Interesting question, indeed, Richard. How can physical facilities
facilitate learning?
I have both a positive and negative example from my own experience that
may prove a little helpful.
POSITIVE: When I worked for a small (150 employees) company, we did not
try too hard to put the offices of people who worked together next to each
other. This meant that I often had to walk halfway across the building to
get to the office of someone. This, therefore, meant that I passed by (or
met in the hallway) a whole lot of people I would not otherwise have met.
This same company also placed a "lunch room" in the middle of the
building, so it became an intentional and unintentional meeting place for
people walking through or wanting to get some coffee. We used to joke
that most of the "business" of this company got done in hallway meetings
-- and it was somewhat true.
NEGATIVE: Union Carbide, only about a year or so before the Bhopal
disaster (I'm not connecting the events as cause and effect, just stating
a chronology since I don't remember the actual years), moved its corporate
headquarters out of New York City to a new building built especially for
them. It was an innovative building that met some challenging design
criteria. For example, no one was to have to walk very far from their
parking place to their office -- solved by putting the parking ramp in the
middle of the building. Another was to create small-group office
clusters, so people in each "team" would have their offices close
together, and to give everyone (except the lowest-paid, always mistreated
administrative people) a window in their office. This was accomplished by
creating quasi-circular "silos" (they may have been octagonal rather than
circular) that stuck out from the building, within which there could be
about six offices (each with an outside wall, therefore with windows)
clustered around a small central area for files and the administrative
desk(s).
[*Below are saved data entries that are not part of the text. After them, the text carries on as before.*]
lemma normal_segment_avoids_curve:
  assumes u: "norm u = 1"
    and line: "\<And>q. q \<in> B \<Longrightarrow> dist q x < \<rho> \<Longrightarrow> Re (cnj u * (q - x)) = \<alpha> \<Longrightarrow> Im (cnj u * (q - x)) = \<beta>0"
    and p: "p \<notin> B" "cnj u * (p - x) = Complex \<alpha> \<beta>" and p': "cnj u * (p' - x) = Complex \<alpha> \<beta>'"
    and side: "\<sigma> * \<beta>0 \<le> \<sigma> * \<beta>" "\<sigma> * \<beta>0 < \<sigma> * \<beta>'"
    and small: "\<bar>\<alpha>\<bar> + max \<bar>\<beta>\<bar> \<bar>\<beta>'\<bar> < \<rho>"
  shows "closed_segment p p' \<subseteq> - B"
proof
  fix q assume "q \<in> closed_segment p p'"
  then obtain \<theta> where \<theta>: "0 \<le> \<theta>" "\<theta> \<le> 1" "q = (1 - \<theta>) *\<^sub>R p + \<theta> *\<^sub>R p'"
    unfolding closed_segment_def by auto
  define \<beta>'' where "\<beta>'' = (1 - \<theta>) * \<beta> + \<theta> * \<beta>'"
  have "cnj u * (q - x) = (1 - \<theta>) *\<^sub>R (cnj u * (p - x)) + \<theta> *\<^sub>R (cnj u * (p' - x))"
    unfolding \<theta>(3) by (simp add: scaleR_conv_of_real algebra_simps)
  then have q: "cnj u * (q - x) = Complex \<alpha> \<beta>''"
    unfolding p p' \<beta>''_def by (simp add: complex_eq_iff algebra_simps)
  have "\<bar>\<beta>''\<bar> \<le> (1 - \<theta>) * \<bar>\<beta>\<bar> + \<theta> * \<bar>\<beta>'\<bar>"
    unfolding \<beta>''_def using \<theta> abs_triangle_ineq[of "(1 - \<theta>) * \<beta>" "\<theta> * \<beta>'"] by (simp add: abs_mult)
  also have "\<dots> \<le> max \<bar>\<beta>\<bar> \<bar>\<beta>'\<bar>" by (intro convex_bound_le) (use \<theta> in auto)
  finally have \<beta>''_le: "\<bar>\<beta>''\<bar> \<le> max \<bar>\<beta>\<bar> \<bar>\<beta>'\<bar>" .
  have "dist q x = norm (cnj u * (q - x))" using u by (simp add: dist_norm norm_mult)
  also have "\<dots> \<le> \<bar>\<alpha>\<bar> + \<bar>\<beta>''\<bar>" unfolding q using cmod_le[of "Complex \<alpha> \<beta>''"] by simp
  finally have "dist q x < \<rho>" using small \<beta>''_le by linarith
  show "q \<in> - B"
  proof
    assume "q \<in> B"
    then have "\<beta>'' = \<beta>0" using line[OF _ \<open>dist q x < \<rho>\<close>] q by simp
    then have "\<sigma> * \<beta>0 = \<sigma> * \<beta>''" by simp
    also have "\<dots> = (1 - \<theta>) * (\<sigma> * \<beta>) + \<theta> * (\<sigma> * \<beta>')" by (simp add: \<beta>''_def algebra_simps)
    finally have "(1 - \<theta>) * (\<sigma> * \<beta> - \<sigma> * \<beta>0) + \<theta> * (\<sigma> * \<beta>' - \<sigma> * \<beta>0) = 0"
      by (simp add: algebra_simps)
    moreover have "0 \<le> (1 - \<theta>) * (\<sigma> * \<beta> - \<sigma> * \<beta>0)" using \<theta> side by simp
    ultimately have "\<theta> * (\<sigma> * \<beta>' - \<sigma> * \<beta>0) \<le> 0" by linarith
    then have "\<theta> = 0" using \<theta>(1) side(2) by (simp add: mult_le_0_iff)
    then show False using \<open>q \<in> B\<close> p(1) \<theta>(3) by simp
  qed
qed

text \<open>The joining segment is perpendicular to the tangent and runs away from the only point
  of B on its line.\<close>
lemma connected_component_half_cone:
  assumes u: "norm u = 1" and "x \<in> B"
    and cone: "cone_near B x u (1/2) \<rho>" and graph: "graph_near B x u \<rho>"
    and p: "p \<notin> B" "dist p x < \<rho>/4"
  obtains \<sigma> q where "\<sigma> \<in> {1, -1}" "q \<in> half_cone x u \<rho> \<sigma>" "connected_component (- B) p q"
proof -
  define R where "R q = cnj u * (q - x)" for q
  have "u * cnj u = 1" using u complex_norm_square[of u] by simp
  then have R_inv: "x + u * R q = q" for q by (simp add: R_def flip: mult.assoc)
  have dist_R: "dist q x = norm (R q)" for q unfolding R_def dist_norm norm_mult using u by simp
  have in_half_cone: "q \<in> half_cone x u \<rho> \<sigma> \<longleftrightarrow> dist q x < \<rho> \<and> \<bar>Re (R q)\<bar> < 2 * \<sigma> * Im (R q)"
    for q \<sigma> unfolding half_cone_def R_def by simp
  define \<alpha> \<beta> where "\<alpha> = Re (R p)" and "\<beta> = Im (R p)"
  have R_p: "R p = Complex \<alpha> \<beta>" by (simp add: \<alpha>_def \<beta>_def)
  have \<alpha>\<beta>: "\<bar>\<alpha>\<bar> < \<rho>/4" "\<bar>\<beta>\<bar> < \<rho>/4"
    using p(2) abs_Re_le_cmod[of "R p"] abs_Im_le_cmod[of "R p"] dist_R[of p]
    by (auto simp: \<alpha>_def \<beta>_def)
  show ?thesis
  proof (cases "p \<in> half_cone x u \<rho> 1 \<or> p \<in> half_cone x u \<rho> (-1)")
    case True
    then show ?thesis using that connected_component_refl[of p "- B"] p(1) by blast
  next
    case False
    have "dist p x < \<rho>" using p(2) zero_le_dist[of p x] by linarith
    then have flat: "2 * \<bar>\<beta>\<bar> \<le> \<bar>\<alpha>\<bar>"
      using False unfolding in_half_cone \<alpha>_def \<beta>_def by (auto split: abs_split)
    have "\<alpha> \<noteq> 0"
    proof
      assume "\<alpha> = 0"
      then have "R p = 0" using flat R_p by (simp add: complex_eq_iff)
      then show False using R_inv[of p] p(1) \<open>x \<in> B\<close> by simp
    qed
    obtain \<beta>0 where "\<bar>\<beta>0\<bar> \<le> \<bar>\<alpha>\<bar>/2"
      and line: "\<And>q. q \<in> B \<Longrightarrow> dist q x < \<rho> \<Longrightarrow> Re (R q) = \<alpha> \<Longrightarrow> Im (R q) = \<beta>0"
      using curve_on_normal_line[OF cone graph] unfolding R_def by metis
    define \<sigma> :: real where "\<sigma> = (if \<beta>0 \<le> \<beta> then 1 else -1)"
    have \<sigma>: "\<sigma> \<in> {1, -1}" "\<sigma> * \<beta>0 \<le> \<sigma> * \<beta>" "\<sigma> * \<beta>0 < \<sigma> * (\<sigma> * \<bar>\<alpha>\<bar>)"
      using \<open>\<bar>\<beta>0\<bar> \<le> \<bar>\<alpha>\<bar>/2\<close> \<open>\<alpha> \<noteq> 0\<close> by (auto simp: \<sigma>_def)
    define p' where "p' = x + u * Complex \<alpha> (\<sigma> * \<bar>\<alpha>\<bar>)"
    have R_p': "R p' = Complex \<alpha> (\<sigma> * \<bar>\<alpha>\<bar>)"
      using R_inv[of p'] u by (auto simp: p'_def)
    have "norm (R p') \<le> \<bar>\<alpha>\<bar> + \<bar>\<sigma> * \<bar>\<alpha>\<bar>\<bar>"
      unfolding R_p' using cmod_le[of "Complex \<alpha> (\<sigma> * \<bar>\<alpha>\<bar>)"] by simp
    then have "p' \<in> half_cone x u \<rho> \<sigma>"
      using \<sigma>(1) \<alpha>\<beta> \<open>\<alpha> \<noteq> 0\<close> unfolding in_half_cone dist_R R_p' by auto
    moreover have "closed_segment p p' \<subseteq> - B"
      by (rule normal_segment_avoids_curve[OF u line[unfolded R_def] p(1)
            R_p[unfolded R_def] R_p'[unfolded R_def] \<sigma>(2,3)])
        (use \<sigma>(1) \<alpha>\<beta> flat in \<open>auto simp: R_def\<close>)
    then have "connected_component (- B) p p'"
      by (intro connected_componentI[OF connected_segment]) auto
    ultimately show ?thesis using that \<sigma>(1) by blast
  qed
qed

lemma normal_ray_in_component:
  assumes u: "norm u = 1" and "x \<in> B" "\<rho> > 0"
    and cone: "cone_near B x u (1/2) \<rho>" and graph: "graph_near B x u \<rho>"
    and S: "x \<in> closure S" "S \<inter> B = {}" "\<And>p q. connected_component (- B) p q \<Longrightarrow> p \<in> S \<Longrightarrow> q \<in> S"
  shows "\<exists>\<sigma>\<in>{1, -1}. \<forall>e. 0 < e \<longrightarrow> e < \<rho> \<longrightarrow> x + of_real (\<sigma> * e) * (\<i> * u) \<in> S"
proof -
  obtain p where p: "p \<in> S" "dist p x < \<rho>/4"
    using S(1) \<open>\<rho> > 0\<close> unfolding closure_approachable
    by (metis zero_less_divide_iff zero_less_numeral)
  then have "p \<notin> B" using S(2) by blast
  with connected_component_half_cone[OF u \<open>x \<in> B\<close> cone graph _ p(2)]
  obtain \<sigma> q where \<sigma>: "\<sigma> \<in> {1, -1}" "q \<in> half_cone x u \<rho> \<sigma>" "connected_component (- B) p q"
    by blast
  have "x + of_real (\<sigma> * e) * (\<i> * u) \<in> S" if "0 < e" "e < \<rho>" for e
  proof (rule S(3)[OF connected_component_trans[OF \<sigma>(3)] p(1)])
    show "connected_component (- B) q (x + of_real (\<sigma> * e) * (\<i> * u))"
      by (rule half_cone_connected_component[OF cone \<sigma>(1,2)
            normal_ray_in_half_cone[OF u \<sigma>(1) that]])
  qed
  with \<sigma>(1) show ?thesis by blast
qed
These clusters attached, via a short hallway, to the main
hallway that ran around the inside of the building. Since the actual
inside of the building was taken up by a parking ramp, the inner hallway
formed a rectangle that encircled the parking ramp and from which you
could enter the ramp (on the inside) or enter the hallways to the office
clusters (on the outside of the main hallway.)
I hope you can visualize this. What they quickly discovered, however, was
that the building was dysfunctional. It effectively cut off interactions
among people who were not sharing a six-office cluster! No one even had
to traverse the main hallway for any distance (except to get to the
cafeteria -- the one place where mingling would occur to some extent),
because coffee and vending machines were located near every office cluster
and the exit to the parking ramp was nearby. Because it was such a long
trek to get to the cafeteria, many people didn't go there -- not even for
lunch, preferring to eat in their offices. So, no person-to-person chance
meetings, casual greetings, etc., occurred. It stifled learning, among
other things, and I believe that they (at great expense) moved out in a
relatively few years to another more conventional building.
Perhaps someone else knows more about this than I. I only worked there as
a consultant for a very short period.